The answers to these questions have not been clearly
provided by the law yet.
Since,
bonus debentures and bonus shares share some similarities; there remains
ambiguity whether or not
the Courts can apply the general
principles applicable to the issue of bonus shares while deciding under Section 391 of the Companies Act,
1956
whether or not to sanction the issue bonus shares, or even while
adjudicating upon any matter related the bonus debentures.

Further, another issue is that unlike
in case of bonus shares
, there is no express pre-condition to the issue of
bonus debentures that the latter cannot be issued in lieu of the payment of
dividends. On one hand, it may be argued that there is no need for having such
provision for the issue of bonus debentures. This is because, unlike in case of
bonus shares, with respect to the bonus debentures there is an in-built check
for the company against issuing bonus debentures in lieu of dividends due to
the prospects of having its obligations to pay Dividend Distribution Tax,
regular and compulsory payment of interest and redemption amount upon maturity.
However, this argument is flawed. This is because had this been the case, there
would have been no need for imposing such restriction upon the issue of bonus
shares because in a way such an in-built test also exists w.r.t the bonus
shares in the form of the apprehension of lowering of Earning per Share upon
the expansion of equity base.
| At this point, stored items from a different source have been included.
lemma has_derivative_quadratic_remainder:
  fixes f :: "'a::real_normed_vector \<Rightarrow> 'b::real_normed_vector"
  assumes "bounded_linear D" and "d > 0"
    and remainder: "\<And>h. norm h < d \<Longrightarrow> norm (f (x + h) - f x - D h) \<le> C * (norm h)\<^sup>2"
  shows "(f has_derivative D) (at x)"
  unfolding has_derivative_at
proof (intro conjI \<open>bounded_linear D\<close>)
  have "\<forall>\<^sub>F h in at 0. norm h < d"
    using \<open>d > 0\<close> by (intro eventually_at_in_open' [THEN eventually_mono, of "ball 0 d"]) auto
  then have "\<forall>\<^sub>F h in at 0. norm (norm (f (x + h) - f x - D h) / norm h) \<le> C * norm h"
  proof (rule eventually_mono)
    fix h :: 'a assume "norm h < d"
    then have "norm (f (x + h) - f x - D h) / norm h \<le> C * (norm h)\<^sup>2 / norm h"
      using remainder by (intro divide_right_mono) auto
    then show "norm (norm (f (x + h) - f x - D h) / norm h) \<le> C * norm h"
      by (cases "h = 0") (simp_all add: power2_eq_square)
  qed
  moreover have "((\<lambda>h. C * norm h) \<longlongrightarrow> 0) (at (0::'a))"
    by (intro tendsto_mult_right_zero tendsto_norm_zero tendsto_ident_at)
  ultimately show "(\<lambda>h. norm (f (x + h) - f x - D h) / norm h) \<midarrow>0\<rightarrow> 0"
    by (rule Lim_null_comparison)
qed

lemma has_derivative_bilinear_vanishing:
  fixes f :: "'a::real_normed_vector \<Rightarrow> 'b::real_normed_vector"
    and g :: "'a \<Rightarrow> 'c::real_normed_vector" and prod :: "'b \<Rightarrow> 'c \<Rightarrow> 'd::real_normed_vector"
  assumes prod: "bounded_bilinear prod"
    and f: "(f has_derivative f') (at x)" and "f x = 0" and g: "isCont g x"
  shows "((\<lambda>y. prod (f y) (g y)) has_derivative (\<lambda>h. prod (f' h) (g x))) (at x)"
  unfolding has_derivative_at
proof (intro conjI)
  interpret prod: bounded_bilinear prod by (rule prod)
  have lin: "bounded_linear f'" using f by (rule has_derivative_bounded_linear)
  show "bounded_linear (\<lambda>h. prod (f' h) (g x))"
    using bounded_linear_compose[OF prod.bounded_linear_left lin] .
  obtain K where K: "\<And>a b. norm (prod a b) \<le> norm a * norm b * K" and "K > 0"
    using prod.pos_bounded by blast
  obtain L where L: "\<And>h. norm (f' h) \<le> norm h * L"
    using bounded_linear.bounded[OF lin] by blast
  define r where "r h = norm (f (x + h) - f x - f' h) / norm h" for h
  define b where "b h = K * (r h * norm (g (x + h)) + L * norm (g (x + h) - g x))" for h
  have "(r \<longlongrightarrow> 0) (at 0)" using f unfolding has_derivative_at r_def by blast
  moreover have "((\<lambda>h. g (x + h)) \<longlongrightarrow> g x) (at 0)" using g by (simp add: isCont_iff)
  ultimately have "(b \<longlongrightarrow> K * (0 * norm (g x) + L * norm (g x - g x))) (at 0)"
    unfolding b_def by (intro tendsto_intros)
  then have b0: "(b \<longlongrightarrow> 0) (at 0)" by simp
  have bound: "norm (norm (prod (f (x + h)) (g (x + h)) - prod (f x) (g x) - prod (f' h) (g x))
      / norm h) \<le> b h" for h
  proof -
    have "prod (f (x + h)) (g (x + h)) - prod (f x) (g x) - prod (f' h) (g x)
        = prod (f (x + h) - f x - f' h) (g (x + h)) + prod (f' h) (g (x + h) - g x)"
      using \<open>f x = 0\<close> by (simp add: prod.diff_left prod.diff_right prod.zero_left)
    also have "norm \<dots> \<le> norm (f (x + h) - f x - f' h) * norm (g (x + h)) * K
        + norm h * L * norm (g (x + h) - g x) * K"
      using \<open>K > 0\<close>
      by (intro order_trans[OF norm_triangle_ineq add_mono[OF K order_trans[OF K]]]
          mult_right_mono L) auto
    finally show ?thesis
      by (cases "h = 0") (auto simp: b_def r_def field_simps)
  qed
  show "(\<lambda>h. norm (prod (f (x + h)) (g (x + h)) - prod (f x) (g x) - prod (f' h) (g x))
      / norm h) \<midarrow>0\<rightarrow> 0"
    by (rule Lim_null_comparison[OF always_eventually[OF allI[OF bound]] b0])
qed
Therefore, it is important to impose
pre-condition upon the issue of bonus debentures that such debentures cannot be
issued in lieu of the payment of dividends. This would protect the interest of
those shareholders whose interest lies in being paid by way of dividends
instead of waiting for the long term benefits. Furthermore, such a
pre-condition regarding the issue of bonus debentures is needed to complement
the function of Section
63(3) under the Companies Act, 2013
or to ensure that the reason behind
enacting Section
63(3)
does not get defeated. Under
­­­Section 63(3)
, a company cannot issue bonus shares in lieu of its
payment of dividends. This has been done to protect the investors’ interest by
ensuring that the company does not abstain from paying dividends even in
instances of profitability by pacifying the shareholders by issuing the bonus
shares instead. In absence of a similar restraining pre-condition to the issue
of bonus debentures, the company may end up issuing bonus debentures in lieu of
payment of dividends because it is aware that it cannot issue bonus shares by
evading the payment of dividends. This would partially defeat the objective
that Section
63(3) of the Indian Companies Act, 2013
seeks to fulfill. Therefore, in
order to assist Section
63(3)
in fulfillment of its purpose, it is crucial that an explicit
pre-condition is enacted to the issue of bonus debentures that such debentures
cannot be issued in lieu of the payment of dividends.

In conclusion, it is important to address the issues
and concerns that are presently in existence and which in certain cases explain
the reasons behind the infrequent use of bonus debentures. Two major changes
which need to be brought are to simplify the procedure related to the issue of
debentures and to incorporate direct provisions under the Companies Act dealing
specifically with the issue of bonus debentures so that the ambiguities of law
in the matter can be solved substantially, if not fully.
Priya Garg



[1]
In the present post, the provisions
of Companies Act, 2013 have been analyzed. However, with respect to the
provisions of Companies Act, 1956 whose corresponding provisions under
Companies Act, 2013 have not been enforced yet, the former have been cited.